The service-scape must go beyond traditional mindsets. GE Healthcare's "AssetPlus" solution enables intelligent asset management that gives data-driven insights to help optimise utilisation, increase availability and reduce operating costs of healthcare equipment in hospitals. (Services account for 43 per cent of GE healthcare division's revenue in year ended December 2018).

Companies will need to choose the one or two aspects of service they want to excel in and be relevant to the core customer segment. Companies who make tentative strategic choices suffer from weak price power as well as lack of sales conviction.

The challenge is to convert your "nice to have" services to "essential or semi-essential" ones. Solar City provides an "all in one service" that allows homeowners to fully equip their houses for solar energy at no upfront cost. It offers a seamless service bundle that integrates all financing, installation, maintenance and energy and cost management.

Apple, known as a product company, reports service revenues of US$40 billion via share in App development, subscription services (Apple Music etc.), warranties and AppleCare, income from search engines etc. all of which are estimated to have gross margin of over 50 per cent.

Cognitive service culture

All service businesses are people-dependent and people-intensive.
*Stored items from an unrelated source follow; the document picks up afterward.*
text \<open>Integrating against \<open>p\<^sub>l\<close> (the likelihood of the sample \<open>l\<close>) turns \<open>DM\<^sub>\<alpha>(\<cdot>;N)\<close> into
  \<open>DM\<^sub>\<alpha>(l;m)\<close> times the posterior expectation \<open>U\<^sub>m\<close>; this is the inner sum of \<open>A\<^sub>m\<close>.\<close>

lemma weighted_p_l_sum:
  assumes apos: "abs_alpha d \<alpha> > 0" and l: "l \<in> simplex d m" and mN: "m \<le> N"
  shows "(\<Sum>r\<in>simplex d N. DM d \<alpha> r N * (multinom d m l * p_l d l r / ffact (real N) m) * f r)
       = DM d \<alpha> l m * up_op d \<alpha> N m f l"
proof -
  have lb: "\<forall>i. d \<le> i \<longrightarrow> l i = 0" "(\<Sum>i<d. l i) = m" using l by (auto simp: simplex_def)
  have "(\<Sum>r\<in>simplex d N. DM d \<alpha> r N * (multinom d m l * p_l d l r / ffact (real N) m) * f r)
      = (\<Sum>r\<in>simplex d N. p_l d l r * (DM d \<alpha> r N * multinom d m l / ffact (real N) m * f r))"
    by (rule sum.cong[OF refl]) (simp add: field_simps)
  also have "\<dots> = (\<Sum>u\<in>simplex d (N-m). p_l d l (\<lambda>i. l i + u i) *
        (DM d \<alpha> (\<lambda>i. l i + u i) N * multinom d m l / ffact (real N) m * f (\<lambda>i. l i + u i)))"
    by (rule sum_simplex_shift[OF lb mN])
  also have "\<dots> = (\<Sum>u\<in>simplex d (N-m). DM d \<alpha> l m * (DM d (\<lambda>i. \<alpha> i + real (l i)) u (N - m) * f (\<lambda>i. l i + u i)))"
  proof (rule sum.cong[OF refl])
    fix u
    have "p_l d l (\<lambda>i. l i + u i) *
        (DM d \<alpha> (\<lambda>i. l i + u i) N * multinom d m l / ffact (real N) m * f (\<lambda>i. l i + u i))
        = (DM d \<alpha> (\<lambda>i. l i + u i) N * (multinom d m l * p_l d l (\<lambda>i. l i + u i) / ffact (real N) m)) * f (\<lambda>i. l i + u i)"
      by (simp add: mult_ac)
    then show "p_l d l (\<lambda>i. l i + u i) *
        (DM d \<alpha> (\<lambda>i. l i + u i) N * multinom d m l / ffact (real N) m * f (\<lambda>i. l i + u i))
        = DM d \<alpha> l m * (DM d (\<lambda>i. \<alpha> i + real (l i)) u (N - m) * f (\<lambda>i. l i + u i))"
      unfolding DM_posterior[OF apos l mN] by (simp add: mult_ac)
  qed
  finally show ?thesis unfolding up_op_def by (simp add: sum_distrib_left)
qed

lemma chi_op_factor:
  assumes pos: "\<And>i. i < d \<Longrightarrow> \<alpha> i > 0" and apos: "abs_alpha d \<alpha> > 0" and mN: "m \<le> N"
  shows "chi_op d \<alpha> N m f s = down_op d N m (up_op d \<alpha> N m f) s"
proof -
  define H where "H l r = multinom d m l * p_l d l r / ffact (real N) m" for l r
  have "chi_op d \<alpha> N m f s
      = (\<Sum>r\<in>simplex d N. \<Sum>l\<in>simplex d m. (1 / DM d \<alpha> l m) * H l s * (DM d \<alpha> r N * H l r * f r))"
    unfolding chi_op_def chiH_def H_def
    by (rule sum.cong[OF refl]) (simp add: sum_distrib_left sum_distrib_right mult_ac)
  also have "\<dots> = (\<Sum>l\<in>simplex d m. (1 / DM d \<alpha> l m) * H l s * (\<Sum>r\<in>simplex d N. DM d \<alpha> r N * H l r * f r))"
    by (subst sum.swap) (simp add: sum_distrib_left)
  also have "\<dots> = (\<Sum>l\<in>simplex d m. H l s * up_op d \<alpha> N m f l)"
  proof (rule sum.cong[OF refl])
    fix l assume l: "l \<in> simplex d m"
    have "DM d \<alpha> l m \<noteq> 0" using DM_pos[OF pos apos] by (metis less_irrefl)
    then show "1 / DM d \<alpha> l m * H l s * (\<Sum>r\<in>simplex d N. DM d \<alpha> r N * H l r * f r) = H l s * up_op d \<alpha> N m f l"
      unfolding H_def weighted_p_l_sum[OF apos l mN] by simp
  qed
  finally show ?thesis unfolding down_op_def H_def by simp
qed

lemma up_op_rising_l:
  assumes apos: "abs_alpha d \<alpha> > 0" and mN: "m \<le> N" and l: "l \<in> simplex d m" and jk: "(\<Sum>i<d. j i) = k"
  shows "up_op d \<alpha> N m (rising_l d \<alpha> j) l
       = pochhammer (abs_alpha d \<alpha> + real N) k / pochhammer (abs_alpha d \<alpha> + real m) k * rising_l d \<alpha> j l"
proof -
  let ?b = "\<lambda>i. \<alpha> i + real (l i)"
  have ab: "abs_alpha d ?b = abs_alpha d \<alpha> + real m"
    using l by (intro abs_alpha_shift) (simp add: simplex_def)
  have bpos: "abs_alpha d ?b > 0" using ab apos by simp
  have total: "(\<Sum>u\<in>simplex d (N-m). DM d (\<lambda>i. ?b i + real (j i)) u (N-m)) = 1"
  proof (rule sum_DM_eq_1)
    show "pochhammer (abs_alpha d (\<lambda>i. ?b i + real (j i))) (N - m) \<noteq> 0"
      unfolding abs_alpha_shift[OF jk] using bpos
      by (metis add_pos_nonneg of_nat_0_le_iff pochhammer_pos less_irrefl)
  qed
  have "up_op d \<alpha> N m (rising_l d \<alpha> j) l
      = (\<Sum>u\<in>simplex d (N-m). DM d ?b u (N-m) * (\<Prod>i<d. pochhammer (?b i + real (u i)) (j i)))"
    unfolding up_op_def rising_l_def by (simp add: add.assoc)
  also have "\<dots> = (\<Prod>i<d. pochhammer (?b i) (j i)) *
        (pochhammer (abs_alpha d ?b + real (N-m)) k / pochhammer (abs_alpha d ?b) k) *
        (\<Sum>u\<in>simplex d (N-m). DM d (\<lambda>i. ?b i + real (j i)) u (N-m))"
    unfolding DM_rising_shift[OF bpos jk] by (simp add: sum_distrib_left)
  also have "abs_alpha d ?b + real (N - m) = abs_alpha d \<alpha> + real N" using ab mN by (simp add: of_nat_diff)
  finally show ?thesis unfolding ab rising_l_def total by (simp add: mult_ac)
qed

lemma down_op_cong: "(\<And>l. l \<in> simplex d m \<Longrightarrow> g l = g' l) \<Longrightarrow> down_op d N m g s = down_op d N m g' s"
  unfolding down_op_def by (rule sum.cong) auto

lemma down_op_scale: "down_op d N m (\<lambda>l. a * g l) s = a * down_op d N m g s"
  unfolding down_op_def by (simp add: sum_distrib_left mult_ac)

lemma down_op_diff: "down_op d N m (\<lambda>l. g l - g' l) s = down_op d N m g s - down_op d N m g' s"
  unfolding down_op_def by (simp add: sum_subtractf right_diff_distrib)

lemma down_op_sum: "finite I \<Longrightarrow> down_op d N m (\<lambda>l. \<Sum>b\<in>I. G b l) s = (\<Sum>b\<in>I. down_op d N m (G b) s)"
  unfolding down_op_def by (simp add: sum_distrib_left sum.swap[of _ I])

text \<open>The summand of \<open>D\<^sub>m p\<^sub>b\<close> after the shift \<open>l = b + v\<close>: the factorial moments
  \<open>p\<^sub>b\<close> of a hypergeometric sample factor as \<open>p\<^sub>b(s)\<close> times falling factorials of \<open>s - b\<close>.\<close>

lemma down_op_p_l_summand:
  assumes "k \<le> m"
  shows "p_l d b (\<lambda>i. b i + v i) * (multinom d m (\<lambda>i. b i + v i) * p_l d (\<lambda>i. b i + v i) s / ffact (real N) m)
       = ffact (real m) k * p_l d b s / ffact (real N) m *
         (multinom d (m-k) v * (\<Prod>i<d. ffact (real (s i) - real (b i)) (v i)))"
proof -
  define FV where "FV = (\<Prod>i<d. fact (v i) :: real)"
  define FBV where "FBV = (\<Prod>i<d. fact (b i + v i) :: real)"
  have pb: "p_l d b (\<lambda>i. b i + v i) = FBV / FV"
    unfolding p_l_def FBV_def FV_def prod_dividef[symmetric]
    by (rule prod.cong[OF refl]) (metis ffact_of_nat le_add1 add_diff_cancel_left')
  have pbs: "p_l d (\<lambda>i. b i + v i) s = p_l d b s * (\<Prod>i<d. ffact (real (s i) - real (b i)) (v i))"
    unfolding p_l_def prod.distrib[symmetric] by (rule prod.cong[OF refl]) (simp add: ffact_add)
  have fm: "ffact (real m) k = fact m / fact (m - k)" using assms by (simp add: ffact_of_nat)
  have nz: "FV \<noteq> 0" "FBV \<noteq> 0" unfolding FV_def FBV_def by auto
  show ?thesis
    unfolding pb pbs fm multinom_def FV_def[symmetric] FBV_def[symmetric]
    using nz by (simp add: field_simps)
qed

lemma down_op_p_l:
  assumes s: "s \<in> simplex d N" and b: "\<forall>i. d \<le> i \<longrightarrow> b i = 0" and bk: "(\<Sum>i<d. b i) = k"
    and mN: "m \<le> N"
  shows "down_op d N m (p_l d b) s = ffact (real m) k / ffact (real N) k * p_l d b s"
proof -
  have D: "down_op d N m (p_l d b) s
      = (\<Sum>l\<in>simplex d m. p_l d b l * (multinom d m l * p_l d l s / ffact (real N) m))"
    unfolding down_op_def by (simp add: mult_ac)
  show ?thesis
  proof (cases "k \<le> m")
    case False
    then have "(\<Sum>l\<in>simplex d m. p_l d b l * (multinom d m l * p_l d l s / ffact (real N) m)) = 0"
      by (intro sum_simplex_shift_eq_0[OF bk]) simp
    then show ?thesis unfolding D using False by (simp add: ffact_of_nat_eq_0)
  next
    case True
    have sum_sb: "(\<Sum>i<d. real (s i) - real (b i)) = real N - real k"
      using s bk by (simp add: sum_subtractf simplex_def flip: of_nat_sum)
    have split: "ffact (real N) m = ffact (real N) k * ffact (real N - real k) (m - k)"
      using ffact_add[of "real N" k "m - k"] True by simp
    have nz: "ffact (real N - real k) (m - k) \<noteq> 0"
      using True mN by (simp add: ffact_of_nat flip: of_nat_diff)
    have "down_op d N m (p_l d b) s
        = (\<Sum>v\<in>simplex d (m-k). ffact (real m) k * p_l d b s / ffact (real N) m *
            (multinom d (m-k) v * (\<Prod>i<d. ffact (real (s i) - real (b i)) (v i))))"
      unfolding D sum_simplex_shift[OF b bk True]
      by (rule sum.cong[OF refl]) (rule down_op_p_l_summand[OF True])
    also have "\<dots> = ffact (real m) k * p_l d b s / ffact (real N) m * ffact (real N - real k) (m - k)"
      by (simp only: sum_distrib_left[symmetric] multinomial_ffact sum_sb)
    finally show ?thesis using nz unfolding split by simp
  qed
qed

text \<open>Consequently \<open>D\<^sub>m\<close> does not raise the degree: expand in monomials and induct on the
  degree, using that \<open>p\<^sub>b\<close> equals \<open>r^b\<close> up to lower-degree terms.\<close>

lemma down_op_polys_lt:
  assumes mN: "m \<le> N"
  shows "g \<in> polys_lt d m k \<Longrightarrow> down_op d N m g \<in> polys_lt d N k"
proof (induction k arbitrary: g rule: less_induct)
  case (less k)
  obtain c where c: "\<forall>l\<in>simplex d m. g l = (\<Sum>b\<in>midx_lt d k. c b * Defs.monom d b l)"
    using less.prems unfolding polys_lt_def by auto
  have monom_case: "down_op d N m (Defs.monom d b) \<in> polys_lt d N k" if b: "b \<in> midx_lt d k" for b
  proof -
    define j where "j = (\<Sum>i<d. b i)"
    have jk: "j < k" and bs: "\<forall>i. d \<le> i \<longrightarrow> b i = 0" using b unfolding midx_lt_def j_def by auto
    have lower: "down_op d N m (\<lambda>l. p_l d b l - Defs.monom d b l) \<in> polys_lt d N j"
      using less.IH[OF jk] p_l_leading(2)[of d b m] unfolding j_def by blast
    have top: "(\<lambda>s. ffact (real m) j / ffact (real N) j * p_l d b s) \<in> polys_lt d N k"
      using polys_lt_mono[OF polys_lt_scale[OF p_l_leading(1)[of d b N]], of k "ffact (real m) j / ffact (real N) j"]
        jk unfolding j_def by simp
    have "(\<lambda>s. ffact (real m) j / ffact (real N) j * p_l d b s - down_op d N m (\<lambda>l. p_l d b l - Defs.monom d b l) s)
        \<in> polys_lt d N k"
      using polys_lt_diff[OF top polys_lt_mono[OF lower]] jk by simp
    then show ?thesis
      by (rule polys_lt_cong) (simp add: down_op_diff down_op_p_l[OF _ bs j_def[symmetric] mN])
  qed
  have "(\<lambda>s. \<Sum>b\<in>midx_lt d k. c b * down_op d N m (Defs.monom d b) s) \<in> polys_lt d N k"
    by (intro polys_lt_sum[OF finite_midx_lt] polys_lt_scale monom_case)
  moreover have "down_op d N m g s = (\<Sum>b\<in>midx_lt d k. c b * down_op d N m (Defs.monom d b) s)" for s
    using c by (simp add: down_op_cong[of d m g] down_op_sum[OF finite_midx_lt] down_op_scale)
  ultimately show ?case by (rule polys_lt_cong)
qed

definition chi_eigenvalue :: "real \<Rightarrow> nat \<Rightarrow> nat \<Rightarrow> nat \<Rightarrow> real" where
  "chi_eigenvalue \<theta> N m k =
     pochhammer (\<theta> + real N) k / pochhammer (\<theta> + real m) k * (ffact (real m) k / ffact (real N) k)"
The best strategies can flounder if an organisation has not established a good service culture. Service culture cuts across the organisation and is not restricted to the customer-facing people. It is the 'default' behaviour of every employee to a service situation, even if it is a new situation.

To that end, organisations need cultural education, orientation, modelling behaviour, benchmarking and incentives.

Service culture can be taken to a level of being branded and iconic, as we see in pure services players like Disney, Fedex or Shouldice Hospital, Canada.

Organisation and work flow

Xerox Corp generates 55 per cent of its revenues from services, including subscription rentals etc. It has reorganised its service delivery by empowering, training and tooling channel partners while directing the company's own capabilities to innovation, product development and strategic marketing.

For people-intensive service businesses, it makes sense to farm out the last-mile activities to nimble channel partners with lower cost structure. Investment and closer monitoring is however necessary to ensure high service standards and a seamless customer experience.

Atlas Copco, a Swedish giant with a global turnover of over US$10 billion from compressors, power equipment etc. has more people working in the service businesses rather than their product business. Service business is skill-intensive whereas product business is scale-intensive. Services form 34 per cent of their revenues (2017-18). The service organisation is separated right below the industry segment leadership.

Customer management

    Customer management has four facets:
  1. Enhanced convenience: As managers digitalise their personal lives significantly, their expectation from vendors at work will increase dramatically. Companies need a strong digital strategy to improve transactional ease.
  2. Depth of advisory services: General information is available on tap, but relevant and more sieved analysis is demanded from vendors. Account managers who deal with customers are expected to provide this intelligent service.
  3. Feedback and communication: A top service company never neglects a customer, as customers defect unannounced. A powerful loop of communication, feedback and corrective action is a key to managing customer's fatigue, stagnation in relationships and ego.
  4. Data-based services: Opportunities for IoT-based machine tracking, performance tracking and added services have leapfrogged thanks to technology and big data analytics. Caterpillar, whose services constitute 33 per cent of revenues, has hooked up 850,000 of its customer machines to cloud, with precise planning of maintenance and tuneup schedules. Even governments are improving citizen experiences through such data capture and exploitation.

The success of the service business comes from the synergistic effect of these four elements rather than any one. Thus the DNA (of how things are done) becomes the competitive advantage.